Format: (H x W): 288-93 x 208 - 18mm
Collation: (IV+2 [with 124 x 149 mm and 112 x 115 mm parchment inserts between pp. 10 and 11 and pp. 12 and 13, respectively])18, 2 IV50, II58, IV 74, II 82, 2 IV 114, (II+4 [pp. 119-126 being single folia]) 130, (IV+1 [pp. 137-138 being a single folium]) 148, 4 IV 212, (III+2 [pp. 213-214 and 227-228 being single folia])228. Leaf arrangement: FHFH and HFHF; with rare instances of HHFF and HFHH. Pricking: often not visible, likely having been lost to trimming, but appears on occasion near the outer margin, as at pp. 33-36 and 49-52; or some 7-15 mm from the outer edge, as at pp. 57-58, 61-62, 67-72, 75-89, 97-150, 163-166, 179-182, 195-198, and 211-212; or in a combination of the two, with a double set of pricking, as at pp. 3-4, 17-20, 59-60, and 73-74. Occasionally, horizontal pricking will help in the creation of a table, as on p. 62.
Page layout:
  • pp. 3-34: 2 cols of 52 lines, ruled area 260-63 x 76-78 mm;
  • pp. 35-50: 2 cols of 43 lines, ruled area 263-64 x 78-80 mm;
  • p. 51: 2 cols of 38 lines, ruled area 270 x 79-85 mm;
  • pp. 52-55: 2 cols of 37 lines, ruled area 262-64 x 78-84 mm;
  • [p. 56, table; pp. 57-58, originally blank; pp. 59-60 and pp. 62-63, tables];
  • pp. 61a and 64-67: 2 cols of 46 lines [67a: 33 lines of written text], ruled area 234-35 x 68-72 mm;
  • [pp. 68-76, tables];
  • pp. 77-82: 2 cols of 63 lines, ruled area 245 x 73 mm;
  • pp. 83-98: 2 cols of 43 lines, ruled area 241-43 x 74-76 mm;
  • pp. 99-212: 2 cols of 42 lines, ruled area 235-43 x 69-72 mm;
  • [pp. 213-226: tables];
  • p. 227: 2 cols of 47 lines of approximately 225 x 68-72 mm;
  • [p. 228: blank.]
Writing and hands: Various hands in Carolingian minuscule.
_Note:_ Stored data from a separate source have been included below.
text \<open>A partition witness has total weight at least 1, since any single cell is covered
  with total weight exactly 1.\<close>
lemma partition_weight_ge_1:
  fixes w :: "'x::finite set \<times> 'y::finite set \<Rightarrow> 'z::finite \<Rightarrow> real"
  assumes nonneg: "\<forall>R z. 0 \<le> w R z"
    and cover: "\<forall>xy. (\<Sum>z\<in>UNIV. \<Sum>R\<in>rects_at xy. w R z) = 1"
  shows "1 \<le> (\<Sum>R\<in>UNIV. \<Sum>z\<in>UNIV. w R z)"
proof -
  have "1 = (\<Sum>z\<in>UNIV. \<Sum>R\<in>rects_at undefined. w R z)" using cover by metis
  also have "\<dots> = (\<Sum>R\<in>rects_at undefined. \<Sum>z\<in>UNIV. w R z)" by (rule sum.swap)
  also have "\<dots> \<le> (\<Sum>R\<in>UNIV. \<Sum>z\<in>UNIV. w R z)"
    by (rule sum_mono2) (auto intro: sum_nonneg simp: nonneg)
  finally show ?thesis .
qed

lemma sum_Compl_split:
  fixes g :: "'a::finite \<Rightarrow> real"
  shows "(\<Sum>x\<in>A. g x) + (\<Sum>x\<in>-A. g x) = (\<Sum>x\<in>UNIV. g x)"
  using sum.subset_diff[of A UNIV g] by (simp add: Compl_eq_Diff_UNIV)
lemma frechet_derivative_eq_grad_inner:
  fixes f :: "real^'n \<Rightarrow> real"
  assumes "f differentiable (at x)"
  shows "frechet_derivative f (at x) w = grad f x \<bullet> w"
proof -
  let ?D = "frechet_derivative f (at x)"
  have lin: "linear ?D" using assms frechet_derivative_works has_derivative_linear by blast
  have "?D w = ?D (\<Sum>i\<in>UNIV. w $ i *\<^sub>R axis i 1)"
    using basis_expansion[of w] by (simp add: scalar_mult_eq_scaleR)
  also have "\<dots> = grad f x \<bullet> w"
    by (simp add: linear_sum[OF lin] linear.scaleR[OF lin] grad_def inner_vec_def mult.commute)
  finally show ?thesis .
qed

lemma first_crossing:
  fixes \<phi> :: "real \<Rightarrow> real"
  assumes "a \<le> b" and cont: "continuous_on {a..b} \<phi>" and "\<phi> a < c" and "c \<le> \<phi> b"
  obtains t where "a < t" "t \<le> b" "c \<le> \<phi> t" "\<And>s. a \<le> s \<Longrightarrow> s < t \<Longrightarrow> \<phi> s < c"
proof -
  define A where "A = {s \<in> {a..b}. c \<le> \<phi> s}"
  have "closed A"
    unfolding A_def by (intro continuous_on_closed_Collect_le cont continuous_on_const) auto
  moreover have "b \<in> A" "bdd_below A"
    using assms unfolding A_def by (auto intro: bdd_belowI[of _ a])
  ultimately have "Inf A \<in> A"
    using closed_contains_Inf by blast
  moreover have "\<phi> s < c" if "a \<le> s" "s < Inf A" for s
    using that cInf_lower[OF _ \<open>bdd_below A\<close>, of s] \<open>b \<in> A\<close> cInf_lower[OF \<open>b \<in> A\<close> \<open>bdd_below A\<close>]
    unfolding A_def by force
  moreover have "Inf A \<noteq> a"
    using \<open>Inf A \<in> A\<close> \<open>\<phi> a < c\<close> unfolding A_def by auto
  ultimately show ?thesis
    using that unfolding A_def by force
qed

lemma neg_derivative_le_of_drop_bound:
  fixes \<phi> :: "real \<Rightarrow> real"
  assumes deriv: "(\<phi> has_real_derivative D) (at 0)" and "D < 0"
    and drop: "\<And>h. 0 < h \<Longrightarrow> \<phi> h < \<phi> 0 \<Longrightarrow> \<phi> 0 - \<phi> h \<le> L * h"
  shows "- D \<le> L"
proof -
  have "((\<lambda>h. (\<phi> h - \<phi> 0) / h) \<longlongrightarrow> D) (at_right 0)"
    using deriv by (auto simp: has_field_derivative_iff intro: tendsto_mono[OF at_within_le_at])
  from tendsto_minus[OF this]
  have quotient: "((\<lambda>h. (\<phi> 0 - \<phi> h) / h) \<longlongrightarrow> - D) (at_right 0)"
    by (simp add: minus_divide_left)
  have "0 < - D"
    using \<open>D < 0\<close> by simp
  have "\<forall>\<^sub>F h in at_right 0. (\<phi> 0 - \<phi> h) / h \<le> L"
    using order_tendstoD(1)[OF quotient \<open>0 < - D\<close>] eventually_at_right_less[of "0::real"]
  proof eventually_elim
    case (elim h)
    then have "\<phi> h < \<phi> 0"
      by (simp add: zero_less_divide_iff)
    with drop[of h] elim show ?case
      by (simp add: divide_le_eq)
  qed
  with quotient show ?thesis
    by (rule tendsto_upperbound) simp
qed

lemma grad_quadratic_form_le_of_drop_bound:
  fixes f :: "real^'n \<Rightarrow> real" and S :: "real^'n^'n"
  assumes psd: "\<And>v. 0 \<le> v \<bullet> (S *v v)" and inv: "invertible S"
    and diff: "f differentiable (at x)" and "0 \<le> L"
    and drop: "\<And>y. f y < f x \<Longrightarrow> f x - f y \<le> L * normS S (x - y)"
  shows "sqrt (grad f x \<bullet> (S *v grad f x)) \<le> L"
proof -
  define g where "g = grad f x"
  define a where "a = g \<bullet> (S *v g)"
  consider "a = 0" | "a > 0"
    using psd[of g] unfolding a_def by linarith
  then show ?thesis
  proof cases
    case 1
    then show ?thesis using \<open>0 \<le> L\<close> unfolding a_def g_def by simp
  next
    case 2
    text \<open>Descend from \<open>x\<close> in the direction \<open>- S g\<close>, along which \<open>f\<close> decreases at rate \<open>a\<close>
      while \<open>normS S\<close> grows at rate \<open>sqrt a\<close>.\<close>
    define \<phi> where "\<phi> h = f (x + h *\<^sub>R - (S *v g))" for h
    have "(f has_derivative frechet_derivative f (at x)) (at (x + 0 *\<^sub>R - (S *v g)))"
      using frechet_derivative_works[THEN iffD1, OF diff] by simp
    from has_real_derivative_along_line[OF this]
    have "(\<phi> has_real_derivative - a) (at 0)"
      using frechet_derivative_eq_grad_inner[OF diff]
      unfolding \<phi>_def a_def g_def by (simp add: inner_commute)
    moreover have "\<phi> 0 - \<phi> h \<le> (L * sqrt a) * h" if "0 < h" "\<phi> h < \<phi> 0" for h
      using drop[of "x + h *\<^sub>R - (S *v g)"] that inv
      by (simp add: \<phi>_def normS_scaleR a_def mult.commute mult.left_commute)
    ultimately have "sqrt a * sqrt a \<le> sqrt a * L"
      using neg_derivative_le_of_drop_bound[of \<phi> "- a" "L * sqrt a"] \<open>a > 0\<close> by (simp add: mult.commute)
    moreover have "0 < sqrt a"
      using \<open>a > 0\<close> by simp
    ultimately show ?thesis
      unfolding a_def g_def by (rule mult_le_cancel_left_pos[THEN iffD1, rotated])
  qed
qed

lemma mean_value_grad_segment:
  fixes f :: "real^'n \<Rightarrow> real"
  assumes "0 < t" and cont: "continuous_on UNIV f"
    and diff: "\<And>s. 0 \<le> s \<Longrightarrow> s < t \<Longrightarrow> f differentiable (at (y + s *\<^sub>R w))"
  obtains \<xi> where "0 < \<xi>" "\<xi> < t" "f (y + t *\<^sub>R w) - f y = t * (grad f (y + \<xi> *\<^sub>R w) \<bullet> w)"
proof -
  define \<phi> where "\<phi> s = f (y + s *\<^sub>R w)" for s
  have deriv: "(\<phi> has_real_derivative grad f (y + s *\<^sub>R w) \<bullet> w) (at s)" if "0 \<le> s" "s < t" for s
  proof -
    note d = diff[OF that]
    have "((\<lambda>s. f (y + s *\<^sub>R w)) has_real_derivative grad f (y + s *\<^sub>R w) \<bullet> w) (at s)"
      using has_real_derivative_along_line[OF frechet_derivative_works[THEN iffD1, OF d]]
      by (simp only: frechet_derivative_eq_grad_inner[OF d])
    then show ?thesis
      unfolding \<phi>_def .
  qed
  have "continuous_on {0..t} \<phi>"
    unfolding \<phi>_def by (intro continuous_on_compose2[OF cont] continuous_intros) auto
  then have "\<exists>l \<xi>. 0 < \<xi> \<and> \<xi> < t \<and> (\<phi> has_real_derivative l) (at \<xi>) \<and> \<phi> t - \<phi> 0 = (t - 0) * l"
    by (rule MVT[OF \<open>0 < t\<close>]) (meson deriv less_imp_le real_differentiable_def)
  then obtain l \<xi> where \<xi>: "0 < \<xi>" "\<xi> < t" and "(\<phi> has_real_derivative l) (at \<xi>)"
    and mv: "\<phi> t - \<phi> 0 = t * l"
    by auto
  then have "l = grad f (y + \<xi> *\<^sub>R w) \<bullet> w"
    using deriv[of \<xi>] by (intro DERIV_unique) auto
  with \<xi> mv show ?thesis
    using that[of \<xi>] unfolding \<phi>_def by simp
qed

lemma drop_bound_of_grad_quadratic_form_le:
  fixes f :: "real^'n \<Rightarrow> real" and S :: "real^'n^'n"
  assumes sym: "transpose S = S" and psd: "\<And>v. 0 \<le> v \<bullet> (S *v v)" and inv: "invertible S"
    and cont: "continuous_on UNIV f"
    and diff: "\<And>p. f p < f x \<Longrightarrow> f differentiable (at p)"
    and grad: "\<And>p. f p < f x \<Longrightarrow> sqrt (grad f p \<bullet> (S *v grad f p)) \<le> L"
    and "f y < f x"
  shows "f x - f y \<le> L * normS S (x - y)"
proof -
  define w where "w = x - y"
  have cont_segment: "continuous_on {0..1} (\<lambda>s. f (y + s *\<^sub>R w))"
    by (intro continuous_on_compose2[OF cont] continuous_intros) auto
  text \<open>Stop at the first point of the segment where \<open>f\<close> reaches \<open>f x\<close>, so that the
    mean value point lies in the sublevel set where the gradient is controlled.\<close>
  obtain t where t: "0 < t" "t \<le> 1" "f x \<le> f (y + t *\<^sub>R w)"
    and below: "\<And>s. 0 \<le> s \<Longrightarrow> s < t \<Longrightarrow> f (y + s *\<^sub>R w) < f x"
    using first_crossing[OF _ cont_segment, of "f x"] \<open>f y < f x\<close> by (auto simp: w_def)
  obtain \<xi> where "0 < \<xi>" "\<xi> < t" and mv: "f (y + t *\<^sub>R w) - f y = t * (grad f (y + \<xi> *\<^sub>R w) \<bullet> w)"
    using mean_value_grad_segment[OF \<open>0 < t\<close> cont] diff below by blast
  define p where "p = y + \<xi> *\<^sub>R w"
  have "f p < f x"
    using below \<open>0 < \<xi>\<close> \<open>\<xi> < t\<close> unfolding p_def by simp
  have "f x - f y \<le> t * (grad f p \<bullet> w)"
    using t mv unfolding p_def by simp
  also have "\<dots> \<le> t * \<bar>grad f p \<bullet> w\<bar>"
    using t by (simp add: mult_left_mono)
  also have "\<dots> \<le> \<bar>grad f p \<bullet> w\<bar>"
    using t by (simp add: mult_left_le_one_le)
  also have "\<dots> \<le> sqrt (grad f p \<bullet> (S *v grad f p)) * normS S w"
    unfolding normS_def by (rule abs_inner_le_psd_dual[OF sym psd inv])
  also have "\<dots> \<le> L * normS S w"
    using grad[OF \<open>f p < f x\<close>] psd_matrix_inv[OF psd inv]
    by (intro mult_right_mono) (auto simp: normS_def)
  finally show ?thesis
    unfolding w_def .
qed

lemma drop_bound_iff_grad_quadratic_form_le:
  fixes f :: "real^'n \<Rightarrow> real" and S :: "real^'n^'n" and \<rho> :: "real \<Rightarrow> real"
  assumes sym: "transpose S = S" and psd: "\<And>v. 0 \<le> v \<bullet> (S *v v)" and inv: "invertible S"
    and cont: "continuous_on UNIV f" and nonneg: "\<And>x. 0 \<le> f x"
    and diff: "\<And>x. f x < T \<Longrightarrow> f differentiable (at x)"
    and mono: "mono_on {0..} \<rho>" and \<rho>_nonneg: "\<And>s. 0 \<le> s \<Longrightarrow> 0 \<le> \<rho> s"
  shows "(\<forall>x y. f y < f x \<and> f x < T \<longrightarrow> f x - f y \<le> \<rho> (f x) * normS S (x - y)) \<longleftrightarrow>
    (\<forall>x. f x < T \<longrightarrow> sqrt (grad f x \<bullet> (S *v grad f x)) \<le> \<rho> (f x))"
proof
  assume "\<forall>x y. f y < f x \<and> f x < T \<longrightarrow> f x - f y \<le> \<rho> (f x) * normS S (x - y)"
  then show "\<forall>x. f x < T \<longrightarrow> sqrt (grad f x \<bullet> (S *v grad f x)) \<le> \<rho> (f x)"
    using diff nonneg \<rho>_nonneg by (auto intro!: grad_quadratic_form_le_of_drop_bound[OF psd inv])
next
  assume grad: "\<forall>x. f x < T \<longrightarrow> sqrt (grad f x \<bullet> (S *v grad f x)) \<le> \<rho> (f x)"
  show "\<forall>x y. f y < f x \<and> f x < T \<longrightarrow> f x - f y \<le> \<rho> (f x) * normS S (x - y)"
  proof (intro allI impI)
    fix x y assume xy: "f y < f x \<and> f x < T"
    have "sqrt (grad f p \<bullet> (S *v grad f p)) \<le> \<rho> (f x)" if "f p < f x" for p
    proof -
      have "sqrt (grad f p \<bullet> (S *v grad f p)) \<le> \<rho> (f p)"
        using grad xy that by auto
      also have "\<dots> \<le> \<rho> (f x)"
        using mono_onD[OF mono, of "f p" "f x"] nonneg[of p] that by auto
      finally show ?thesis .
    qed
    then show "f x - f y \<le> \<rho> (f x) * normS S (x - y)"
      using diff xy by (intro drop_bound_of_grad_quadratic_form_le[OF sym psd inv cont]) auto
  qed
qed

lemma F_class_iff_drop_bound:
  fixes f :: "real^'n \<Rightarrow> real"
  defines "sd \<equiv> sqrt (det (cov f))"
  assumes "f \<in> F_d" and "continuous_on UNIV f" and "0 < \<Lambda>" and "0 < sd"
  shows "f \<in> F_class \<beta> \<Lambda> \<tau> \<longleftrightarrow>
    (\<forall>x y. f y < f x \<and> f x < \<tau> / sd \<longrightarrow>
       f x - f y \<le> \<Lambda> * (f x * sd) powr (1 - 1 / \<beta>) / sd * normS (cov f) (x - y))"
proof -
  have "(f x - f y) * sd / (\<Lambda> * (f x * sd) powr (1 - 1 / \<beta>)) \<le> normS (cov f) (x - y) \<longleftrightarrow>
      f x - f y \<le> \<Lambda> * (f x * sd) powr (1 - 1 / \<beta>) / sd * normS (cov f) (x - y)"
    if "f y < f x" for x y
  proof -
    have "0 < f x"
      using that \<open>f \<in> F_d\<close> by (auto simp: F_d_def is_density_def intro: le_less_trans)
    then have "0 < \<Lambda> * (f x * sd) powr (1 - 1 / \<beta>)"
      using \<open>0 < \<Lambda>\<close> \<open>0 < sd\<close> by simp
    then show ?thesis
      using \<open>0 < sd\<close> by (simp add: divide_le_eq pos_le_divide_eq mult.commute mult.left_commute)
  qed
  then show ?thesis
    using assms(2,3) unfolding F_class_def sd_def by auto
qed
Smith suggests that pp. 3-56 are the work of “many scribes”, pp. 59-82 the work of “several scribes”, and pp. 99-212 again the work of “several scribes” (Codices Boethiani, p. 199, §53). Cordoliani, similarly, states that the whole “présente un grand nombre de mains de scribes différents” (“presents a great number of hands from different scribes” [‘Les manuscrits de comput ecclésiastique’, p. 168]). Bruckner compares the main ninth-century hand with the “ausserordentlich kleiner, sorgfältiger, exakter St Galler Minuskel” (“extremely small, careful, precise St Gallen minuscule”) in St Gallen 40 (Scriptoria medii aevi Helvetica, vol. II, p. 57 [cf. p. 69]). On page 9, Bischoff notes, “eine kleine Korrektur in irischer Schrift enthält, ist ein Denkmal der Beziehungen zwischen der Reichenau und dem Westen” (“a small correction in an Irish hand, is a testimony to relations between the [Benedictine Abbey of] Reichenau and the West” [ Mittelalterliche Studien, vol. III, p. 47, n. 35 ]).
Decoration:
Additions: Smith dates pp. 3-56 to s. ix, pp. 59-82 to s. ix-x, and pp. 99-212 to s. xi-xii (Codices Boethiani, p. 199 [§53]). Stevens dates pp. 59-82 to the middle or end of the ninth century (‘Astronomy in Carolingian Schools’, p. 441, n. 59), while referring to the manuscript as a whole as from “s. IX, X, XI” (Cycles of Time and Scientific Learning, §VIII, p. 167, n. 8). Earlier studies by Jones describe pp. 58-227 as “saec. ix, with additions of saec. x/xi” (Bedae Pseudepigrapha, p. 132), noting that pp. 99-148 “are three inserted gatherings written in a hand of saec. xi” (Bedae Opera de temporibus, p. 156). Cordoliani dates the whole of pp. 99-212 to s. ix (‘L’évolution du comput ecclésiastique’, p. 291). Stevens and Jones further note that certain material derived from Karlsruhe Landesbibliothek, Reichenau 167 (on which, see below) ultimately dates to ca 700: see Stevens, Cycles of Time and Scientific Learning, §VIII, p. 167, n. 8; and Jones, Bedae Venerabilis Opera, p. xiv, n. 14 (see also Cordoliani, ‘Les manuscrits de comput ecclésiastique’, pp. 168-69, and ‘L’évolution du comput ecclésiastique’, pp. 296, 299, 302, and 312). For the suggestion that pp. 59-82 [Machielsen’s “fols 29r-41v”] date to the first third of the ninth century—a theory that sits uneasily with St Gallen 248’s posited dependence on Karlsruhe 167, now dated between 834 and 848—see Machielsen, Artes liberales, , pp. 199 [§622], perhaps drawing on the older study by Bruckner, who dates the whole of St Gallen 248 (apart from additions from s. xi) to s. ix 1/3 (Scriptoria medii aevi Helvetica, vol. II [1936], p. 74; see also Cordoliani, ‘Les manuscrits de comput ecclésiastique’, p. 168).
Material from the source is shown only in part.